WORK ORDER:
What is expected is a word-for-word copy of all the entries.

·····

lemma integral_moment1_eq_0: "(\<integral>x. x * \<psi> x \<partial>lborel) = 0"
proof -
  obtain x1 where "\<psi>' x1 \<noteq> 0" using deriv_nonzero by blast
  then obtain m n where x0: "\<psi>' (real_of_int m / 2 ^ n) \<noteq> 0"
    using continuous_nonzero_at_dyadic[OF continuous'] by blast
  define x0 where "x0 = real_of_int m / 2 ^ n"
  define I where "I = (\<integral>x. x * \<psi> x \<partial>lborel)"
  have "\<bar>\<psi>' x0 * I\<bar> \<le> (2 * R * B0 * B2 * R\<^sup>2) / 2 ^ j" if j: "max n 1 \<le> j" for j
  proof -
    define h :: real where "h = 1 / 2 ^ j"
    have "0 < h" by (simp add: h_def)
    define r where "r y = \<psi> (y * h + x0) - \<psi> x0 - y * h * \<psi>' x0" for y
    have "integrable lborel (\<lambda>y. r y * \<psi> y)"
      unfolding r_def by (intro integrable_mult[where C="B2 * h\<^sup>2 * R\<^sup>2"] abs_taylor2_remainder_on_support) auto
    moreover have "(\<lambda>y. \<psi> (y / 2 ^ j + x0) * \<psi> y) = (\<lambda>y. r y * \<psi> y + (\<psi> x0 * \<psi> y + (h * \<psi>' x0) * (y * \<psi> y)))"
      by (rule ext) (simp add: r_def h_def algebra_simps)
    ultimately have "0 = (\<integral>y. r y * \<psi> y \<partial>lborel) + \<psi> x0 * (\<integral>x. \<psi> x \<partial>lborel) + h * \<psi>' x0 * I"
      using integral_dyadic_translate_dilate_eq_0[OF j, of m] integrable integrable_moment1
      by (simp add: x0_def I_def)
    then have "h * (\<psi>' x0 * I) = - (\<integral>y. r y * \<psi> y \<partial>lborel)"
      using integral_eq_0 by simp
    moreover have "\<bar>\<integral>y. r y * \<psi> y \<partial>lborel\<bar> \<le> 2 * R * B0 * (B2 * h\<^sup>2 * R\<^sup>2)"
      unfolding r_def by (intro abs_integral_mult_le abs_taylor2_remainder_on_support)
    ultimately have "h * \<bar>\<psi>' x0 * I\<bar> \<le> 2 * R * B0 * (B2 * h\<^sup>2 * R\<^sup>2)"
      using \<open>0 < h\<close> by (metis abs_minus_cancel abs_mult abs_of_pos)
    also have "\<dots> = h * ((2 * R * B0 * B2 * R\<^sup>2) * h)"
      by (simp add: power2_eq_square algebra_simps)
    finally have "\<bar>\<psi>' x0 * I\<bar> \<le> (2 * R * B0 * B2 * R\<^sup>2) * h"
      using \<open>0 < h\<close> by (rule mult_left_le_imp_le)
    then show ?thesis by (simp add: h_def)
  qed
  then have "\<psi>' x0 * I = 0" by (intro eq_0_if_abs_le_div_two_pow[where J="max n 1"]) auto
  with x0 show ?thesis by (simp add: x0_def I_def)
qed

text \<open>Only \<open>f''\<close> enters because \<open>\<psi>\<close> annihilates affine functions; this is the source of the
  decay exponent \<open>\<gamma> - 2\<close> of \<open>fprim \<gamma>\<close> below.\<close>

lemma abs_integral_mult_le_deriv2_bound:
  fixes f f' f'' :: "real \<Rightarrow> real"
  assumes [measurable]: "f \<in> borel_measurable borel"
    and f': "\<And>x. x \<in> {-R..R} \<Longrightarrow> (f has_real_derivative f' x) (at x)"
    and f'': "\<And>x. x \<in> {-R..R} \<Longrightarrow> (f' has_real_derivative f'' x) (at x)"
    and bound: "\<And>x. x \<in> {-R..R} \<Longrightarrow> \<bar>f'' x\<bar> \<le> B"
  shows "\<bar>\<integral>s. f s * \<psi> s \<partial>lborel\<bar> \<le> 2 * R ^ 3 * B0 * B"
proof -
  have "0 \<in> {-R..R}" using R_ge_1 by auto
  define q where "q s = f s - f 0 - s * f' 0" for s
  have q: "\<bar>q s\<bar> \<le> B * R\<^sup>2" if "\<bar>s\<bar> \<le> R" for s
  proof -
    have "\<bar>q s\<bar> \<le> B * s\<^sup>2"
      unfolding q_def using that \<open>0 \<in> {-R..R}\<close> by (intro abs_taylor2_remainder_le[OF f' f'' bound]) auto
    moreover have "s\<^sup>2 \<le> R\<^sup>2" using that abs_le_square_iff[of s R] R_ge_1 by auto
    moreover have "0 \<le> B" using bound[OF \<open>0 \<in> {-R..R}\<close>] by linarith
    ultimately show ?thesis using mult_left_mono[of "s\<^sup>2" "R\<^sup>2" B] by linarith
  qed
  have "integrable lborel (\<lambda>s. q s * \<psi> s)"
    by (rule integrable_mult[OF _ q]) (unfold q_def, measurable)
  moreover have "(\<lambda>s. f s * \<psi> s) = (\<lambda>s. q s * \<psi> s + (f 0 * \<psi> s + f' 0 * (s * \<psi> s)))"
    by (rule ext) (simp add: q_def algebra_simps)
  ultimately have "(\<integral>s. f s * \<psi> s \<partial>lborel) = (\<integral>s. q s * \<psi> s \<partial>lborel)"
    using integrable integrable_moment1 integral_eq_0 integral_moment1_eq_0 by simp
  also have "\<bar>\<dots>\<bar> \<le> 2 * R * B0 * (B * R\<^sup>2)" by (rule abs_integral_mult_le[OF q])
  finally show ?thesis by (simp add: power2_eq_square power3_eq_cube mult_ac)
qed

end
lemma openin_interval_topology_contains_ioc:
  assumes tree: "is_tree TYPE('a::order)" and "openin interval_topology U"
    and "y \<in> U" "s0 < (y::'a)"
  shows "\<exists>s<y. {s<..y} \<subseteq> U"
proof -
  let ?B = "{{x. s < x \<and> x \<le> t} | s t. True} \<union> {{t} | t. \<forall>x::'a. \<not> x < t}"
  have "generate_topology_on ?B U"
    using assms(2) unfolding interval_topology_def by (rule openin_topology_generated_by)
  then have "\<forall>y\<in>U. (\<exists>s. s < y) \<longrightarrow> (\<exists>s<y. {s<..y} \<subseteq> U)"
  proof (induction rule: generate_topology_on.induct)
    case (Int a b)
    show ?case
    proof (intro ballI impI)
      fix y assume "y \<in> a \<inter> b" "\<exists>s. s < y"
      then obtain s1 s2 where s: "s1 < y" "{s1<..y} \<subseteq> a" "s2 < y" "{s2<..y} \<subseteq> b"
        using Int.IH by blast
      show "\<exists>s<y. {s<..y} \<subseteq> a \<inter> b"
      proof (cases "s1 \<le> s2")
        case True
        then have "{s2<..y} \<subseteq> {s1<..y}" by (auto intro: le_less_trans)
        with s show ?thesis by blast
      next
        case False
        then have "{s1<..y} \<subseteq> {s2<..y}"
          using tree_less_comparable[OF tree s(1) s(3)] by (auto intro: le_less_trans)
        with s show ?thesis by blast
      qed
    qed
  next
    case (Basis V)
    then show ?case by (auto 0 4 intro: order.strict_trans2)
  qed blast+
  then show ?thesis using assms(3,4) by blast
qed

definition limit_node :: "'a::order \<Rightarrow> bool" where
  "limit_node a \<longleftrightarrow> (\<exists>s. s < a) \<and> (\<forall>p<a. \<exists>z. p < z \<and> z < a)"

·····

PROBLEM SOLUTION:
lemma integral_moment1_eq_0: "(\<integral>x. x * \<psi> x \<partial>lborel) = 0"
proof -
  obtain x1 where "\<psi>' x1 \<noteq> 0" using deriv_nonzero by blast
  then obtain m n where x0: "\<psi>' (real_of_int m / 2 ^ n) \<noteq> 0"
    using continuous_nonzero_at_dyadic[OF continuous'] by blast
  define x0 where "x0 = real_of_int m / 2 ^ n"
  define I where "I = (\<integral>x. x * \<psi> x \<partial>lborel)"
  have "\<bar>\<psi>' x0 * I\<bar> \<le> (2 * R * B0 * B2 * R\<^sup>2) / 2 ^ j" if j: "max n 1 \<le> j" for j
  proof -
    define h :: real where "h = 1 / 2 ^ j"
    have "0 < h" by (simp add: h_def)
    define r where "r y = \<psi> (y * h + x0) - \<psi> x0 - y * h * \<psi>' x0" for y
    have "integrable lborel (\<lambda>y. r y * \<psi> y)"
      unfolding r_def by (intro integrable_mult[where C="B2 * h\<^sup>2 * R\<^sup>2"] abs_taylor2_remainder_on_support) auto
    moreover have "(\<lambda>y. \<psi> (y / 2 ^ j + x0) * \<psi> y) = (\<lambda>y. r y * \<psi> y + (\<psi> x0 * \<psi> y + (h * \<psi>' x0) * (y * \<psi> y)))"
      by (rule ext) (simp add: r_def h_def algebra_simps)
    ultimately have "0 = (\<integral>y. r y * \<psi> y \<partial>lborel) + \<psi> x0 * (\<integral>x. \<psi> x \<partial>lborel) + h * \<psi>' x0 * I"
      using integral_dyadic_translate_dilate_eq_0[OF j, of m] integrable integrable_moment1
      by (simp add: x0_def I_def)
    then have "h * (\<psi>' x0 * I) = - (\<integral>y. r y * \<psi> y \<partial>lborel)"
      using integral_eq_0 by simp
    moreover have "\<bar>\<integral>y. r y * \<psi> y \<partial>lborel\<bar> \<le> 2 * R * B0 * (B2 * h\<^sup>2 * R\<^sup>2)"
      unfolding r_def by (intro abs_integral_mult_le abs_taylor2_remainder_on_support)
    ultimately have "h * \<bar>\<psi>' x0 * I\<bar> \<le> 2 * R * B0 * (B2 * h\<^sup>2 * R\<^sup>2)"
      using \<open>0 < h\<close> by (metis abs_minus_cancel abs_mult abs_of_pos)
    also have "\<dots> = h * ((2 * R * B0 * B2 * R\<^sup>2) * h)"
      by (simp add: power2_eq_square algebra_simps)
    finally have "\<bar>\<psi>' x0 * I\<bar> \<le> (2 * R * B0 * B2 * R\<^sup>2) * h"
      using \<open>0 < h\<close> by (rule mult_left_le_imp_le)
    then show ?thesis by (simp add: h_def)
  qed
  then have "\<psi>' x0 * I = 0" by (intro eq_0_if_abs_le_div_two_pow[where J="max n 1"]) auto
  with x0 show ?thesis by (simp add: x0_def I_def)
qed

text \<open>Only \<open>f''\<close> enters because \<open>\<psi>\<close> annihilates affine functions; this is the source of the
  decay exponent \<open>\<gamma> - 2\<close> of \<open>fprim \<gamma>\<close> below.\<close>

lemma abs_integral_mult_le_deriv2_bound:
  fixes f f' f'' :: "real \<Rightarrow> real"
  assumes [measurable]: "f \<in> borel_measurable borel"
    and f': "\<And>x. x \<in> {-R..R} \<Longrightarrow> (f has_real_derivative f' x) (at x)"
    and f'': "\<And>x. x \<in> {-R..R} \<Longrightarrow> (f' has_real_derivative f'' x) (at x)"
    and bound: "\<And>x. x \<in> {-R..R} \<Longrightarrow> \<bar>f'' x\<bar> \<le> B"
  shows "\<bar>\<integral>s. f s * \<psi> s \<partial>lborel\<bar> \<le> 2 * R ^ 3 * B0 * B"
proof -
  have "0 \<in> {-R..R}" using R_ge_1 by auto
  define q where "q s = f s - f 0 - s * f' 0" for s
  have q: "\<bar>q s\<bar> \<le> B * R\<^sup>2" if "\<bar>s\<bar> \<le> R" for s
  proof -
    have "\<bar>q s\<bar> \<le> B * s\<^sup>2"
      unfolding q_def using that \<open>0 \<in> {-R..R}\<close> by (intro abs_taylor2_remainder_le[OF f' f'' bound]) auto
    moreover have "s\<^sup>2 \<le> R\<^sup>2" using that abs_le_square_iff[of s R] R_ge_1 by auto
    moreover have "0 \<le> B" using bound[OF \<open>0 \<in> {-R..R}\<close>] by linarith
    ultimately show ?thesis using mult_left_mono[of "s\<^sup>2" "R\<^sup>2" B] by linarith
  qed
  have "integrable lborel (\<lambda>s. q s * \<psi> s)"
    by (rule integrable_mult[OF _ q]) (unfold q_def, measurable)
  moreover have "(\<lambda>s. f s * \<psi> s) = (\<lambda>s. q s * \<psi> s + (f 0 * \<psi> s + f' 0 * (s * \<psi> s)))"
    by (rule ext) (simp add: q_def algebra_simps)
  ultimately have "(\<integral>s. f s * \<psi> s \<partial>lborel) = (\<integral>s. q s * \<psi> s \<partial>lborel)"
    using integrable integrable_moment1 integral_eq_0 integral_moment1_eq_0 by simp
  also have "\<bar>\<dots>\<bar> \<le> 2 * R * B0 * (B * R\<^sup>2)" by (rule abs_integral_mult_le[OF q])
  finally show ?thesis by (simp add: power2_eq_square power3_eq_cube mult_ac)
qed

end
lemma openin_interval_topology_contains_ioc:
  assumes tree: "is_tree TYPE('a::order)" and "openin interval_topology U"
    and "y \<in> U" "s0 < (y::'a)"
  shows "\<exists>s<y. {s<..y} \<subseteq> U"
proof -
  let ?B = "{{x. s < x \<and> x \<le> t} | s t. True} \<union> {{t} | t. \<forall>x::'a. \<not> x < t}"
  have "generate_topology_on ?B U"
    using assms(2) unfolding interval_topology_def by (rule openin_topology_generated_by)
  then have "\<forall>y\<in>U. (\<exists>s. s < y) \<longrightarrow> (\<exists>s<y. {s<..y} \<subseteq> U)"
  proof (induction rule: generate_topology_on.induct)
    case (Int a b)
    show ?case
    proof (intro ballI impI)
      fix y assume "y \<in> a \<inter> b" "\<exists>s. s < y"
      then obtain s1 s2 where s: "s1 < y" "{s1<..y} \<subseteq> a" "s2 < y" "{s2<..y} \<subseteq> b"
        using Int.IH by blast
      show "\<exists>s<y. {s<..y} \<subseteq> a \<inter> b"
      proof (cases "s1 \<le> s2")
        case True
        then have "{s2<..y} \<subseteq> {s1<..y}" by (auto intro: le_less_trans)
        with s show ?thesis by blast
      next
        case False
        then have "{s1<..y} \<subseteq> {s2<..y}"
          using tree_less_comparable[OF tree s(1) s(3)] by (auto intro: le_less_trans)
        with s show ?thesis by blast
      qed
    qed
  next
    case (Basis V)
    then show ?case by (auto 0 4 intro: order.strict_trans2)
  qed blast+
  then show ?thesis using assms(3,4) by blast
qed

definition limit_node :: "'a::order \<Rightarrow> bool" where
  "limit_node a \<longleftrightarrow> (\<exists>s. s < a) \<and> (\<forall>p<a. \<exists>z. p < z \<and> z < a)"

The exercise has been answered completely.